Ekonomi popülist politikalarla bir meçhule giderken, dövizde uzun yıllardır görünmeyen “çifte kur” devreye girdi. Bilenlerimiz eski günleri anımsadı, bilmeyenlerimiz ise çifte kurun ne olduğunu öğrendi. Yatırımcı altın alıyor, seçimden sonra yükselecek diye dövize giderken. Abdurrrahman Yıldırım dün haberturk.com’da yayınlanan “Dolarda seçim öncesi yüksek tansiyon” başlıklı yazısında içinde bulunduğumuz günlerin bir fotoğrafını çekmiş:
‘‘Bütün taraflarca çok önemli kabul edilen 2023 seçimine sadece 3 hafta kaldı. Geçmişte 2-3 hafta kala seçimin rengi belli olmaya ve buna göre finansal piyasalarda pozisyonlanma başlardı. 2023 seçimlerinde de böyle olacağını daha önce düşünüyorduk.
-Ancak bu pozisyonlanma geçmiştekilerden oldukça farklı gelişiyor. Döviz kuru, hem kamu kesiminin döviz satışları hem de hacmi 90 milyar doları geçen Kur Korumalı Mevduatın (KKM) baskısı altında.
-Yine de finansal piyasalarda pozisyonlanma döviz ve altın tarafında gerçekleşiyor. Buna karşılık piyasa faizleri yükseltilerek dengelenme yoluna gidiliyor.
-Borsada ise büyük satışların yaratacağı sert düşüşleri Varlık Fonu’nun alımları dengeliyor.
-Bütün piyasalar hükümetin kontrolü ve baskısı altındayken bile, fokur okur kaynamaya başladı. Biz de geldiğimiz aşamada bir durum tespiti yapma ihtiyacı duyduk.
-Birbiriyle etkileşimli kaynamanın ve hareketlenmenin seçim konjonktürüne paralel artması, seçim sonrasında yeni hükümetin kadrolarını ve politikalarını ortaya koyana kadar sürmesi beklenir.
-Yeni bir dengelenme elbette bir aşamada olacak. Bu dengelenmenin zamanını yeni hükümet döneminde ortaya konulacak politikalar belirleyecek. Doğru politikalar ve etkili uygulama ile dengelenme daha yukarıda bir yerde olur.

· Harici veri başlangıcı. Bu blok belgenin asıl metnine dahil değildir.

(* Consider the disturbance-free discrete-time system $$x(t+1)=A\,Z(x(t))+B\,u(t),\qquad Z(x)=\begin{bmatrix}x\\ S(x)\end{bmatrix}\in\mathbb{R}^{n+N},$$ with unknown $A=[A_1\ \ A_2]$ ($A_1\in\mathbb{R}^{n\times n}$, $A_2\in\mathbb{R}^{n\times N}$), unknown $B\in\mathbb{R}^{n\times m}$, and known $S:\mathbb{R}^n\to\mathbb{R}^N$ differentiable with $S(0)=0$. Let $A_s=\frac{\partial S}{\partial x}(0)$, $Q(x)=S(x)-A_sx$, $\bar A_1=A_1+A_2A_s$, and assume $(\bar A_1,B)$ is stabilizable and $Q$ is Lipschitz on the safe set $\mathcal{S}(F,g)=\{x\in\mathbb{R}^n: Fx\le g\}$, where $F\in\mathbb{R}^{s\times n}$, $g\in\mathbb{R}^s$ and $\mathcal{S}(F,g)$ is a polyhedral C-set. Let data $U_0,X_0,X_1,V_0$ be collected from this system (with no disturbance), with $V_0$ of full row rank and $T\ge n+N+1$. Let $\lambda\in(0,1]$. Suppose there exist $G_K=[G_{K,1}\ \ G_{K,2}]\in\mathbb{R}^{T\times(n+N)}$ and $P_s\in\mathbb{R}^{s\times s}$ such that $$P_sg\le\lambda g-l^d,\qquad P_sF=FX_1G_{K,1},\qquad V_0G_K=I,\qquad P_s\ge 0,$$ where $l^d=[l^d_1,\dots,l^d_s]^T$ with $$l^d_i=\min_{G_{K,2}}\ \max_{x:\,Fx\le g}\ F_iX_1G_{K,2}\,Q(x),\quad i=1,\dots,s,$$ and where the matrix $G_{K,2}$ in $G_K$ attains each of these minima, i.e. $\max_{x:\,Fx\le g}F_iX_1G_{K,2}Q(x)=l^d_i$ for all $i$. Then, with $K_1=U_0G_{K,1}$ and $K_2=U_0G_{K,2}$, the safe set $\mathcal{S}(F,g)$ is $\lambda$-contractive (and hence robustly invariant) for the closed-loop system under the controller $u(t)=K_1x(t)+K_2Q(x(t))$.
   Context: Data: inputs $u(0),\dots,u(T-1)$ are applied to the system and states $x(0),\dots,x(T)$ recorded; $U_0=[u(0)\cdots u(T-1)]\in\mathbb{R}^{m\times T}$, $X_0=[x(0)\cdots x(T-1)]\in\mathbb{R}^{n\times T}$, $X_1=[x(1)\cdots x(T)]\in\mathbb{R}^{n\times T}$, $V_0=\begin{bmatrix}X_0\\ Q(X_0)\end{bmatrix}\in\mathbb{R}^{(n+N)\times T}$ with $Q(X_0)=[Q(x(0))\cdots Q(x(T-1))]$. $G_{K,1}\in\mathbb{R}^{T\times n}$, $G_{K,2}\in\mathbb{R}^{T\times N}$. $F_i$ denotes the $i$-th row of $F$. Vector/matrix inequalities are elementwise; $P_s\ge0$ means all entries of $P_s$ are nonnegative. A polyhedral C-set is a compact convex polyhedron containing the origin in its interior. For $\lambda\in(0,1]$, a set $\mathcal{P}=\{x:Fx\le g\}$ is $\lambda$-contractive for the closed-loop system if $x(t)\in\mathcal{P}$ implies $x(t+1)\in\lambda\mathcal{P}=\{x:Fx\le\lambda g\}$ for all $t$ (and all admissible disturbances); it is robustly invariant if $x(0)\in\mathcal{P}$ implies $x(t)\in\mathcal{P}$ for all $t\ge0$. *)

theory Defs
  imports "HOL-Analysis.Analysis"
begin

definition safe_set :: "real^'n^'s \<Rightarrow> real^'s \<Rightarrow> (real^'n) set" where
  "safe_set F g = {x. F *v x \<le> g}"

definition polyhedral_C_set :: "(real^'n) set \<Rightarrow> bool" where
  "polyhedral_C_set P \<longleftrightarrow> polyhedron P \<and> convex P \<and> compact P \<and> 0 \<in> interior P"

definition cmat :: "real^'n^'m \<Rightarrow> complex^'n^'m" where
  "cmat M = (\<chi> i j. complex_of_real (M $ i $ j))"

definition schur_stable :: "real^'n^'n \<Rightarrow> bool" where
  "schur_stable M \<longleftrightarrow>
     (\<forall>(\<mu>::complex) (v::complex^'n). v \<noteq> 0 \<and> cmat M *v v = \<mu> *s v \<longrightarrow> cmod \<mu> < 1)"

definition stabilizable :: "real^'n^'n \<Rightarrow> real^'m^'n \<Rightarrow> bool" where
  "stabilizable A B \<longleftrightarrow> (\<exists>K::real^'n^'m. schur_stable (A + B ** K))"

definition hcat :: "real^'a^'r \<Rightarrow> real^'b^'r \<Rightarrow> real^('a + 'b)^'r" where
  "hcat M1 M2 = (\<chi> r c. case c of Inl i \<Rightarrow> M1 $ r $ i | Inr k \<Rightarrow> M2 $ r $ k)"

definition vcat :: "real^'c^'a \<Rightarrow> real^'c^'b \<Rightarrow> real^'c^('a + 'b)" where
  "vcat M1 M2 = (\<chi> r. case r of Inl i \<Rightarrow> M1 $ i | Inr k \<Rightarrow> M2 $ k)"

definition lambda_contractive :: "real \<Rightarrow> real^'n^'s \<Rightarrow> real^'s \<Rightarrow> (real^'n \<Rightarrow> real^'n) \<Rightarrow> bool" where
  "lambda_contractive lam F g f \<longleftrightarrow>
     (\<forall>xs::nat \<Rightarrow> real^'n. (\<forall>t. xs (Suc t) = f (xs t)) \<longrightarrow>
        (\<forall>t. xs t \<in> safe_set F g \<longrightarrow> xs (Suc t) \<in> safe_set F (lam *\<^sub>R g)))"

text \<open>Robust invariance (no disturbances here): trajectories starting in P stay in P.\<close>
definition robustly_invariant :: "(real^'n) set \<Rightarrow> (real^'n \<Rightarrow> real^'n) \<Rightarrow> bool" where
  "robustly_invariant P f \<longleftrightarrow>
     (\<forall>xs::nat \<Rightarrow> real^'n. xs 0 \<in> P \<and> (\<forall>t. xs (Suc t) = f (xs t)) \<longrightarrow> (\<forall>t. xs t \<in> P))"

end

theory Submission
  imports Defs
begin

text \<open>Writing \<open>S = Q + As\<close>, the data satisfy \<open>X1 = (A1 + A2 As) X0 + A2 Q(X0) + B U0\<close>, so
  \<open>V0 GK = I\<close> gives \<open>X1 GK1 = A1 + A2 As + B K1\<close> and \<open>X1 GK2 = A2 + B K2\<close>: the closed loop is
  \<open>x\<^sup>+ = X1 GK1 x + X1 GK2 Q(x)\<close>. Hence for \<open>F x \<le> g\<close>,
  \<open>F x\<^sup>+ = Ps F x + F X1 GK2 Q(x) \<le> Ps g + ld \<le> \<lambda> g\<close>, using \<open>Ps \<ge> 0\<close> and the definition of \<open>ld\<close>
  as a supremum over the safe set. Invariance follows since \<open>\<lambda> g \<le> g\<close>.\<close>

lemma matrix_add_rdistrib:
  fixes A B :: "'a::semiring_1^'n^'m" and C :: "'a^'p^'n"
  shows "(A + B) ** C = A ** C + B ** C"
  by (vector matrix_matrix_mult_def sum.distrib[symmetric] field_simps)

lemma matrix_mult_columns:
  fixes M :: "'a::semiring_1^'n^'m" and v :: "'c::finite \<Rightarrow> 'a^'n"
  shows "M ** (\<chi> i j. v j $ i) = (\<chi> i j. (M *v v j) $ i)"
  by (simp add: matrix_matrix_mult_def matrix_vector_mult_def vec_eq_iff)

lemma vcat_mult_hcat_nth [simp]:
  "(vcat M1 M2 ** hcat N1 N2) $ Inl i $ Inl j = (M1 ** N1) $ i $ j"
  "(vcat M1 M2 ** hcat N1 N2) $ Inl i $ Inr k = (M1 ** N2) $ i $ k"
  "(vcat M1 M2 ** hcat N1 N2) $ Inr l $ Inl j = (M2 ** N1) $ l $ j"
  "(vcat M1 M2 ** hcat N1 N2) $ Inr l $ Inr k = (M2 ** N2) $ l $ k"
  by (simp_all add: matrix_matrix_mult_def vcat_def hcat_def)

lemma vcat_mult_hcat_eq_mat_1_iff:
  "vcat M1 M2 ** hcat N1 N2 = mat 1 \<longleftrightarrow>
     M1 ** N1 = mat 1 \<and> M1 ** N2 = 0 \<and> M2 ** N1 = 0 \<and> M2 ** N2 = mat 1"
  by (auto simp: vec_eq_iff split_sum_all mat_def)

lemma data_based_closed_loop:
  fixes X1 :: "real^'T^'n" and Z0 :: "real^'T^'N" and U0 :: "real^'T^'m"
  assumes "X1 = Abar ** X0 + A2 ** Z0 + B ** U0"
    and "vcat X0 Z0 ** hcat G1 G2 = mat 1"
  shows "X1 ** G1 = Abar + B ** (U0 ** G1)" and "X1 ** G2 = A2 + B ** (U0 ** G2)"
  using assms by (simp_all add: vcat_mult_hcat_eq_mat_1_iff matrix_add_rdistrib
      matrix_mul_assoc[symmetric])

lemma nonneg_matrix_vector_mono:
  fixes P :: "real^'n^'m"
  assumes "\<forall>i j. 0 \<le> P $ i $ j" and "x \<le> y"
  shows "P *v x \<le> P *v y"
  using assms unfolding less_eq_vec_def matrix_vector_mult_def
  by (auto intro!: sum_mono mult_left_mono)

lemma component_le_SUP_compact:
  fixes h :: "'a::topological_space \<Rightarrow> real^'n"
  assumes "compact K" and "continuous_on K h" and "z \<in> K"
  shows "h z $ i \<le> (SUP y\<in>K. h y $ i)"
proof (rule cSUP_upper[OF \<open>z \<in> K\<close>])
  have "compact ((\<lambda>y. h y $ i) ` K)"
    using assms by (intro compact_continuous_image continuous_intros)
  then show "bdd_above ((\<lambda>y. h y $ i) ` K)"
    by (intro bounded_imp_bdd_above compact_imp_bounded)
qed

lemma safe_set_contractive_step:
  fixes F :: "real^'n^'s" and Ps :: "real^'s^'s"
  assumes "Ps ** F = F ** M1" and "\<forall>i j. 0 \<le> Ps $ i $ j"
    and "Ps *v g \<le> lam *\<^sub>R g - l" and "F ** M2 *v w \<le> l"
    and "z \<in> safe_set F g"
  shows "M1 *v z + M2 *v w \<in> safe_set F (lam *\<^sub>R g)"
proof -
  have "F *v (M1 *v z + M2 *v w) = Ps *v (F *v z) + F ** M2 *v w"
    by (simp add: matrix_vector_right_distrib matrix_vector_mul_assoc assms(1))
  also have "\<dots> \<le> Ps *v g + l"
    using assms(2,4,5) by (intro add_mono nonneg_matrix_vector_mono) (auto simp: safe_set_def)
  also have "\<dots> \<le> lam *\<^sub>R g"
    using assms(3) by (simp add: le_diff_eq)
  finally show ?thesis
    by (simp add: safe_set_def)
qed

lemma safe_set_scaleR_subset:
  assumes "0 \<in> safe_set F g" and "0 \<le> lam" and "lam \<le> 1"
  shows "safe_set F (lam *\<^sub>R g) \<subseteq> safe_set F g"
proof -
  have "lam *\<^sub>R g \<le> g"
    using assms by (auto simp: safe_set_def less_eq_vec_def mult_left_le_one_le)
  then show ?thesis
    by (auto simp: safe_set_def intro: order_trans)
qed

lemma lambda_contractive_iff:
  "lambda_contractive lam F g f \<longleftrightarrow> (\<forall>z\<in>safe_set F g. f z \<in> safe_set F (lam *\<^sub>R g))"
proof (intro iffI ballI)
  fix z
  assume "lambda_contractive lam F g f" and "z \<in> safe_set F g"
  moreover define xs where "xs t = (f ^^ t) z" for t
  then have "\<forall>t. xs (Suc t) = f (xs t)" and "xs 0 = z"
    by simp_all
  ultimately show "f z \<in> safe_set F (lam *\<^sub>R g)"
    unfolding lambda_contractive_def by metis
qed (simp add: lambda_contractive_def)

lemma robustly_invariant_if_mapsto:
  assumes "\<And>z. z \<in> P \<Longrightarrow> f z \<in> P"
  shows "robustly_invariant P f"
  unfolding robustly_invariant_def
proof (intro allI impI)
  fix xs :: "nat \<Rightarrow> _" and t
  assume "xs 0 \<in> P \<and> (\<forall>t. xs (Suc t) = f (xs t))"
  then show "xs t \<in> P"
    using assms by (induction t) auto
qed

lemma lambda_contractive_imp_robustly_invariant:
  assumes "lambda_contractive lam F g f" and "0 \<in> safe_set F g" and "0 \<le> lam" and "lam \<le> 1"
  shows "robustly_invariant (safe_set F g) f"
proof (rule robustly_invariant_if_mapsto)
  fix z
  assume "z \<in> safe_set F g"
  then have "f z \<in> safe_set F (lam *\<^sub>R g)"
    using assms(1) by (simp add: lambda_contractive_iff)
  then show "f z \<in> safe_set F g"
    using safe_set_scaleR_subset[OF assms(2-4)] by blast
qed

theorem theorem1:
  fixes A1 :: "real^'n^'n" and A2 :: "real^'N^'n" and B :: "real^'m^'n"
    and S :: "real^'n \<Rightarrow> real^'N" and As :: "real^'n^'N"
    and F :: "real^'n^'s" and g :: "real^'s"
    and x :: "nat \<Rightarrow> real^'n" and u :: "nat \<Rightarrow> real^'m"
    and tau :: "'T::finite \<Rightarrow> nat"
    and lam :: real
    and GK1 :: "real^'n^'T" and GK2 :: "real^'N^'T" and Ps :: "real^'s^'s" and ld :: "real^'s"
    and Q :: "real^'n \<Rightarrow> real^'N"
    and U0 :: "real^'T^'m" and X0 X1 :: "real^'T^'n" and V0 :: "real^'T^('n + 'N)"
    and GK :: "real^('n + 'N)^'T" and K1 :: "real^'n^'m" and K2 :: "real^'N^'m"
  assumes Q_def: "Q = (\<lambda>z. S z - As *v z)"
    and U0_def: "U0 = (\<chi> i j. u (tau j) $ i)"
    and X0_def: "X0 = (\<chi> i j. x (tau j) $ i)"
    and X1_def: "X1 = (\<chi> i j. x (Suc (tau j)) $ i)"
    and V0_def: "V0 = vcat X0 (\<chi> k j. Q (x (tau j)) $ k)"
    and GK_def: "GK = hcat GK1 GK2"
    and K1_def: "K1 = U0 ** GK1"
    and K2_def: "K2 = U0 ** GK2"
    and S_diff: "\<forall>z. S differentiable (at z)"
    and S0: "S 0 = 0"
    and As_jac: "(S has_derivative (\<lambda>z. As *v z)) (at 0)"
    and stab: "stabilizable (A1 + A2 ** As) B"
    and Q_lip: "\<exists>L. L-lipschitz_on (safe_set F g) Q"
    and Cset: "polyhedral_C_set (safe_set F g)"
    and tau_enum: "bij_betw tau UNIV {..<CARD('T)}"
    and data: "\<forall>t < CARD('T). x (Suc t) = A1 *v x t + A2 *v S (x t) + B *v u t"
    and V0_rank: "rank V0 = CARD('n + 'N)"
    and T_ge: "CARD('T) \<ge> CARD('n) + CARD('N) + 1"
    and lam_pos: "0 < lam" and lam_le: "lam \<le> 1"
    and ld_def: "\<forall>i. ld $ i = (SUP z\<in>safe_set F g. (F ** X1 ** GK2 *v Q z) $ i)"
    and ld_min: "\<forall>i (G2::real^'N^'T).
        (SUP z\<in>safe_set F g. (F ** X1 ** GK2 *v Q z) $ i)
          \<le> (SUP z\<in>safe_set F g. (F ** X1 ** G2 *v Q z) $ i)"
    and c1: "Ps *v g \<le> lam *\<^sub>R g - ld"
    and c2: "Ps ** F = F ** X1 ** GK1"
    and c3: "V0 ** GK = mat 1"
    and c4: "\<forall>i j. 0 \<le> Ps $ i $ j"
  shows "lambda_contractive lam F g (\<lambda>z. A1 *v z + A2 *v S z + B *v (K1 *v z + K2 *v Q z))
    \<and> robustly_invariant (safe_set F g) (\<lambda>z. A1 *v z + A2 *v S z + B *v (K1 *v z + K2 *v Q z))"
proof -
  define QX0 :: "real^'T^'N" where "QX0 = (\<chi> k j. Q (x (tau j)) $ k)"
  define f where "f = (\<lambda>z. A1 *v z + A2 *v S z + B *v (K1 *v z + K2 *v Q z))"
  have S_split: "A1 *v z + A2 *v S z = (A1 + A2 ** As) *v z + A2 *v Q z" for z
    by (simp add: Q_def algebra_simps matrix_vector_mul_assoc)
  have "\<And>j. tau j < CARD('T)"
    using tau_enum by (auto simp: bij_betw_def)
  then have "X1 = (A1 + A2 ** As) ** X0 + A2 ** QX0 + B ** U0"
    using data by (simp add: X1_def X0_def QX0_def U0_def matrix_mult_columns S_split vec_eq_iff)
  from data_based_closed_loop[OF this] c3
  have closed_loop: "f z = (X1 ** GK1) *v z + (X1 ** GK2) *v Q z" for z
    by (simp add: f_def K1_def K2_def V0_def GK_def QX0_def S_split algebra_simps
        matrix_vector_mul_assoc[symmetric])
  obtain L where "L-lipschitz_on (safe_set F g) Q"
    using Q_lip by blast
  then have "continuous_on (safe_set F g) (\<lambda>z. F ** X1 ** GK2 *v Q z)"
    by (intro continuous_on_compose2[OF linear_continuous_on[OF matrix_vector_mul_bounded_linear]]
        lipschitz_on_continuous_on) auto
  then have "F ** X1 ** GK2 *v Q z \<le> ld" if "z \<in> safe_set F g" for z
    using Cset that by (auto simp: less_eq_vec_def ld_def polyhedral_C_set_def
        intro: component_le_SUP_compact)
  then have contractive: "lambda_contractive lam F g f"
    using safe_set_contractive_step[OF c2[folded matrix_mul_assoc] c4 c1, of "X1 ** GK2"]
    by (simp add: lambda_contractive_iff closed_loop matrix_mul_assoc)
  have "0 \<in> safe_set F g"
    using Cset interior_subset by (auto simp: polyhedral_C_set_def)
  with contractive lam_pos lam_le show ?thesis
    unfolding f_def by (simp add: lambda_contractive_imp_robustly_invariant)
qed

end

-Ama yanlış politika tercihleri yapılırsa da enflasyon düşmek yerine yükselişini sürdürür.
-Önümüzdeki bu süreçte finansal piyasaların seyri ve yeni dengenin nerede oluşacağında belirleyici ana faktör enflasyonun düzeyi olacak.
-Enflasyonun yıllık bazda düşüş yönünde hareket edebileceği son ay nisan. Artık aylık enflasyonun ne çıkağına bağlı olarak seçime yüzde 45’in altında bir oranla girme ihtimali yüksek.
-Enflasyon düşüşünde alabileceğimiz yol şimdilik buraya kadar. Nisan enflasyonu son 1.5 yılın ve bundan sonra da süresini bilemeyeceğimiz belli bir vade için en düşük fiyat artışı olarak kalmaya adaydır.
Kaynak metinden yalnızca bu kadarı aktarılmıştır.